I’m a little bit stumped on the following problem.
Write down a vector equation for the cylinder in 3-dimensional space of radius r around the line described by $$\{ ( t, 2t, 3t ): t \in \Bbb R \}$$
Could anyone point out what I should do? I’m thinking about finding end-points using parametrics—something like $$ x = r \cos \theta, y=r \cos \theta, z=z $$
But I’m not sure. Thanks! (:
On
You’re starting off in the right direction by thinking about tilting the cylinder $x^2+y^2=r^2$ so that its axis lines up with the direction vector $(1,2,3)$ of the given line. A vector parameterization of this equation is $$r\cos t\,(1,0,0)+r\sin t\,(0,1,0)+s\,(0,0,1) \tag 1$$ so one might expect the tilted version to also have the form $$r\cos t\,\mathbf u+r\sin t\,\mathbf v+s\,\mathbf w. \tag 2$$ Obviously we can take $\mathbf w=(1,2,3)$ (we don’t care about the change of scale in this direction), but what to use for the other two? For a fixed $s$, we want (2) to represent a cross-section of the cylinder taken perpendicular to its axis, so $\mathbf u$ and $\mathbf v$ must be orthogonal to $\mathbf w$. In order to avoid distortions and get a circle of the correct size as this cross-section, they must be unit vectors. So, $\mathbf u$ can be any convenient unit vector that’s orthogonal to $\mathbf w$ and $\mathbf v = {1\over\|\mathbf w\|}\mathbf w\times\mathbf u$ also satisfies the criteria. These vectors form an orthogonal basis aligned with the cylinder.
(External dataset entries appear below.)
lemma W_minus_frac_conv_split:
  assumes f: "fin_supp f" and g: "fin_supp g" and "n < 0"
  shows "W_minus_frac \<alpha> (f \<star> g) n =
           (W_minus_frac \<alpha> (neg_part f) \<star> pos_part g) n
         + W_minus_frac \<alpha> (neg_part f \<star> neg_part g) n
         + (pos_part f \<star> W_minus_frac \<alpha> (neg_part g)) n"
proof -
  note parts = fin_supp_pos_part[OF f] fin_supp_neg_part[OF f]
    fin_supp_pos_part[OF g] fin_supp_neg_part[OF g]
  have "W_minus_frac \<alpha> (f \<star> g) n =
          W_minus_frac \<alpha> (pos_part f \<star> pos_part g) n + W_minus_frac \<alpha> (pos_part f \<star> neg_part g) n
        + W_minus_frac \<alpha> (neg_part f \<star> pos_part g) n + W_minus_frac \<alpha> (neg_part f \<star> neg_part g) n"
    unfolding conv_split_parts[OF f g]
    by (simp add: parts W_minus_frac_add fin_supp_add fin_supp_conv)
  also have "W_minus_frac \<alpha> (pos_part f \<star> pos_part g) n = 0"
    using \<open>n < 0\<close> by (intro W_minus_frac_eq_0[of "-1"]) (simp_all add: conv_pos_part_pos_part)
  also have "W_minus_frac \<alpha> (neg_part f \<star> pos_part g) = W_minus_frac \<alpha> (neg_part f) \<star> pos_part g"
    using parts by (simp add: W_minus_frac_conv)
  also have "W_minus_frac \<alpha> (pos_part f \<star> neg_part g) = pos_part f \<star> W_minus_frac \<alpha> (neg_part g)"
    using W_minus_frac_conv[OF parts(4,1)] by (simp only: conv_commute)
  finally show ?thesis by (simp add: ac_simps)
qed

theorem lemma2p10:
  fixes f g :: "int \<Rightarrow> complex" and \<alpha> :: real
  assumes "fin_supp f" and "fin_supp g" and "\<alpha> > 0"
  shows "(\<forall>n\<ge>0. W_frac \<alpha> (f \<star> g) n =
            (W_plus_frac \<alpha> (pos_part f) \<star> neg_part g) n
          + W_plus_frac \<alpha> (pos_part f \<star> pos_part g) n
          + (neg_part f \<star> W_plus_frac \<alpha> (pos_part g)) n)
      \<and> (\<forall>n<0. W_frac \<alpha> (f \<star> g) n =
            (W_minus_frac \<alpha> (neg_part f) \<star> pos_part g) n
          + W_minus_frac \<alpha> (neg_part f \<star> neg_part g) n
          + (pos_part f \<star> W_minus_frac \<alpha> (neg_part g)) n)"
  using W_plus_frac_conv_split[OF assms(1,2)] W_minus_frac_conv_split[OF assms(1,2)]
  by (simp add: W_frac_def)

end
lemma bracket_bracket_expand:
  assumes "skew a" "skew b" "skew c"
  shows "bracket (bracket a b) c = dot c a * b - dot b c * a"
proof -
  have "bracket (bracket c a) b = - bracket (bracket a c) b"
    by (simp add: bracket_anti[of c a] bracket_def algebra_simps)
  then have "bracket (bracket a b) c = bracket (bracket a c) b - bracket (bracket b c) a"
    using jacobi[of a b c] by (simp add: eq_diff_eq)
  moreover have "bracket (bracket a c) b = bracket (bracket b c) a - dot b c * a + dot a c * b"
    using reversed_skew_part[OF assms(2,3,1)] by (simp add: diff_eq_eq)
  ultimately show ?thesis
    by (simp add: dot_comm[of a c])
qed

lemma bracket_of_brackets:
  assumes "skew x" "skew y" "skew z" "skew w"
  shows "bracket (bracket x y) (bracket z w) = triple x z w * y - triple y z w * x"
proof -
  have "triple x z w = dot (bracket z w) x" "triple y z w = dot y (bracket z w)"
    using assms triple_cyclic[of x z w] triple_cyclic[of z w x] triple_cyclic[of y z w]
    by (simp_all add: triple_def dot_comm)
  then show ?thesis
    using assms by (simp add: bracket_bracket_expand skew_bracket)
qed

lemma four_term_relation:
  assumes "skew x" "skew y" "skew z" "skew w"
  shows "triple y z w * x - triple x z w * y + triple x y w * z - triple x y z * w = 0"
proof -
  have "triple x z w * y - triple y z w * x = - (triple z x y * w - triple w x y * z)"
    using assms bracket_anti[of "bracket x y" "bracket z w"]
    by (simp add: bracket_of_brackets)
  moreover have "triple z x y = triple x y z" "triple w x y = triple x y w"
    using assms triple_cyclic by metis+
  ultimately show ?thesis
    by (simp add: algebra_simps)
qed

lemma identity_i:
  assumes "skew x" "skew y" "skew z" "skew w"
  shows "triple y z w * dot x u - triple x z w * dot y u + triple x y w * dot z u
      - triple x y z * dot w u = 0"
proof -
  have "triple y z w * dot x u - triple x z w * dot y u + triple x y w * dot z u
      - triple x y z * dot w u
      = dot (triple y z w * x - triple x z w * y + triple x y w * z - triple x y z * w) u"
    using assms by (simp add: dot_add dot_diff dot_symmetric_mult triple_symmetric)
  then show ?thesis
    using assms by (simp add: four_term_relation dot_zero)
qed

lemma binet_cauchy:
  assumes "skew a" "skew b" "skew u" "skew v"
  shows "triple a b (bracket u v) = dot a u * dot b v - dot a v * dot b u"
proof -
  have "triple a b (bracket u v) = dot (bracket b (bracket u v)) a"
    using assms triple_cyclic[of a b "bracket u v"] by (simp add: triple_def skew_bracket)
  also have "bracket b (bracket u v) = dot v b * u - dot b u * v"
    using assms bracket_anti[of b "bracket u v"] by (simp add: bracket_bracket_expand)
  finally have "triple a b (bracket u v) = dot v b * dot u a - dot b u * dot v a"
    using assms by (simp add: dot_diff dot_symmetric_mult dot_symmetric)
  moreover have "dot v b * dot u a = dot a u * dot b v" "dot b u * dot v a = dot a v * dot b u"
    using assms dot_central dot_comm by metis+
  ultimately show ?thesis
    by simp
qed
lemma rho_sc_left:
  "g \<in> carrier G \<Longrightarrow> r \<in> carrier H \<Longrightarrow> a \<in> A g \<Longrightarrow> x \<in> X r \<Longrightarrow> rho (scA c a) x = scX c (rho a x)"
  by (rule rho_linear(2))

lemma rho_mul:
  "g \<in> carrier G \<Longrightarrow> g' \<in> carrier G \<Longrightarrow> a \<in> A g \<Longrightarrow> a' \<in> A g' \<Longrightarrow> r \<in> carrier H \<Longrightarrow> x \<in> X r \<Longrightarrow>
    rho (multA a a') x = rho a (rho a' x)"
  using action unfolding bundle_action_def by simp

lemma ip_rho_left:
  "g \<in> carrier G \<Longrightarrow> a \<in> A g \<Longrightarrow> r \<in> carrier H \<Longrightarrow> s \<in> carrier H \<Longrightarrow> x \<in> X r \<Longrightarrow> y \<in> X s \<Longrightarrow>
    ip (rho a x) y = ip x (rho (starA a) y)"
  using action unfolding bundle_action_def by simp

lemma additive_on_rho_left:
  "g \<in> carrier G \<Longrightarrow> r \<in> carrier H \<Longrightarrow> x \<in> X r \<Longrightarrow> additive_on (A g) (\<lambda>a. rho a x)"
  unfolding additive_on_def by (simp add: rho_add_left)

lemma rho_zero_left: "g \<in> carrier G \<Longrightarrow> r \<in> carrier H \<Longrightarrow> x \<in> X r \<Longrightarrow> rho 0 x = 0"
  using A.additive_on_zero[OF A.fibre_csubspace additive_on_rho_left, of g r x] by simp

lemma rho_scaleR_left:
  "g \<in> carrier G \<Longrightarrow> r \<in> carrier H \<Longrightarrow> a \<in> A g \<Longrightarrow> x \<in> X r \<Longrightarrow> rho (t *\<^sub>R a) x = t *\<^sub>R rho a x"
  using rho_sc_left[of g r a x "complex_of_real t"] by (simp add: A.sc_of_real X.sc_of_real)

lemma norm_add_rho_quasi_unitary:
  assumes d: "d \<in> A \<one>\<^bsub>G\<^esub>" and quasi_unitary: "d + starA d + multA (starA d) d = 0"
    and r: "r \<in> carrier H" and x: "x \<in> X r"
  shows "norm (x + rho d x) = norm x"
proof -
  have one: "\<one>\<^bsub>G\<^esub> \<in> carrier G" by simp
  note Xr = X_fibre_csubspace[OF r]
  have rho_1: "rho a z \<in> X r" if "a \<in> A \<one>\<^bsub>G\<^esub>" "z \<in> X r" for a z
    using rho_closed[OF one r that] r by simp
  have d': "starA d \<in> A \<one>\<^bsub>G\<^esub>" using A.unit_fibre_star_closed[OF d] .
  have d'd: "multA (starA d) d \<in> A \<one>\<^bsub>G\<^esub>" using A.unit_fibre_mul_closed[OF d' d] .
  define y where "y = rho d x"
  have y: "y \<in> X r" unfolding y_def using rho_1[OF d x] .
  have "ip (x + y) (x + y) = ip x x + (ip x y + ip y x + ip y y)"
    using ip_add_left[OF r r x y] ip_add_right[OF r r x x y] ip_add_right[OF r r y x y]
      X.csubspace_add[OF Xr x y]
    by (simp add: algebra_simps)
  also have "ip x y + ip y x + ip y y = ip x (rho (d + starA d + multA (starA d) d) x)"
  proof -
    have "ip y x = ip x (rho (starA d) x)" unfolding y_def using ip_rho_left[OF one d r r x x] .
    moreover have "ip y y = ip x (rho (multA (starA d) d) x)"
      unfolding y_def
      using ip_rho_left[OF one d r r x y[unfolded y_def]] rho_mul[OF one one d' d r x] by simp
    moreover have "rho (d + starA d + multA (starA d) d) x =
        y + rho (starA d) x + rho (multA (starA d) d) x"
      unfolding y_def
      using rho_add_left[OF one r A.csubspace_add[OF A.fibre_csubspace[OF one] d d'] d'd x]
        rho_add_left[OF one r d d' x] by simp
    ultimately show ?thesis
      using ip_add_right[OF r r x] y rho_1[OF d' x] rho_1[OF d'd x] X.csubspace_add[OF Xr]
      by simp
  qed
  also have "\<dots> = 0"
    using quasi_unitary rho_zero_left[OF one r x] ip_zero_right[OF r r x] by simp
  finally have "ip (x + y) (x + y) = ip x x" by simp
  then have "(norm (x + y))\<^sup>2 = (norm x)\<^sup>2"
    using norm_sq_eq_norm_ip[OF r x] norm_sq_eq_norm_ip[OF r X.csubspace_add[OF Xr x y]]
    by simp
  then show ?thesis
    unfolding y_def by (rule power2_eq_imp_eq) simp_all
qed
For any nonzero vector $(a,b,c)$, at least two of $(0,c,-b)$, $(-c,0,a)$ and $(b,-a,0)$, which are all orthogonal to $(a,b,c)$, are also nonzero. For our $\mathbf w$, the choices are $(0,3,-2)$, $(-3,0,1)$ and $(2,-1,0)$. None of these result in particularly nice-looking unit vectors, so let’s just take $\mathbf u = \frac1{\sqrt{10}}(-3,0,1)$, giving $\mathbf v = \frac1{\sqrt{35}}(1,-5,3)$. A possible vector parameterization of the cylinder is therefore $$\frac1{\sqrt{10}}r\cos t\,(-3,0,1)+\frac1{\sqrt{35}}r\sin t\,(1,-5,3)+s\,(1,2,3). \tag 3$$
As a sanity check, an implicit Cartesian equation for the cylinder can be obtained in a similar fashion. Reflecting in the angle bisector of the $z$-axis and the given line will tilt the reference cylinder’s axis in the right way. We can use a reflection because of the cylinder’s symmetry, and I find a reflection more convenient than a rotation for this because the reflection matrix is both symmetric and is its own inverse, so I don’t have to remember which combination of inverse and transpose is required to transform the conic. As well, I don’t have to make any decisions about other degrees of freedom as I would for a rotation. Leaving out the details of this computation, the resulting equation is $$13x^2+10y^2+5z^2-4xy-3xz-6yz=14r^2.$$ The parameterization obtained above does indeed satisfy this equation.
As a comment from @Exodd suggests, you can establish a coordinate equation by computing the distance from the line, this distance is $r$ for all points on the cylinder.
A vectorial approach is as follows. Let $\vec u=(1,2,3)$ be the direction of the cylinder and let $\vec v$ be a unitary vector, perpendicular to $u$. Then every vector $\vec z$ pointing a point on the cylinder can be relied to the origin by the equations $$\vec z = t\vec u + r\vec v$$ $$\vec u\cdot \vec v=0,\; ||\vec v||=1$$
Note also that $\langle \vec u\rangle^\perp$ is the plane generated by $(-2,1,0),(-3,0,1)$. If you give an orthonormal base instead, you can write in a single equation what you want.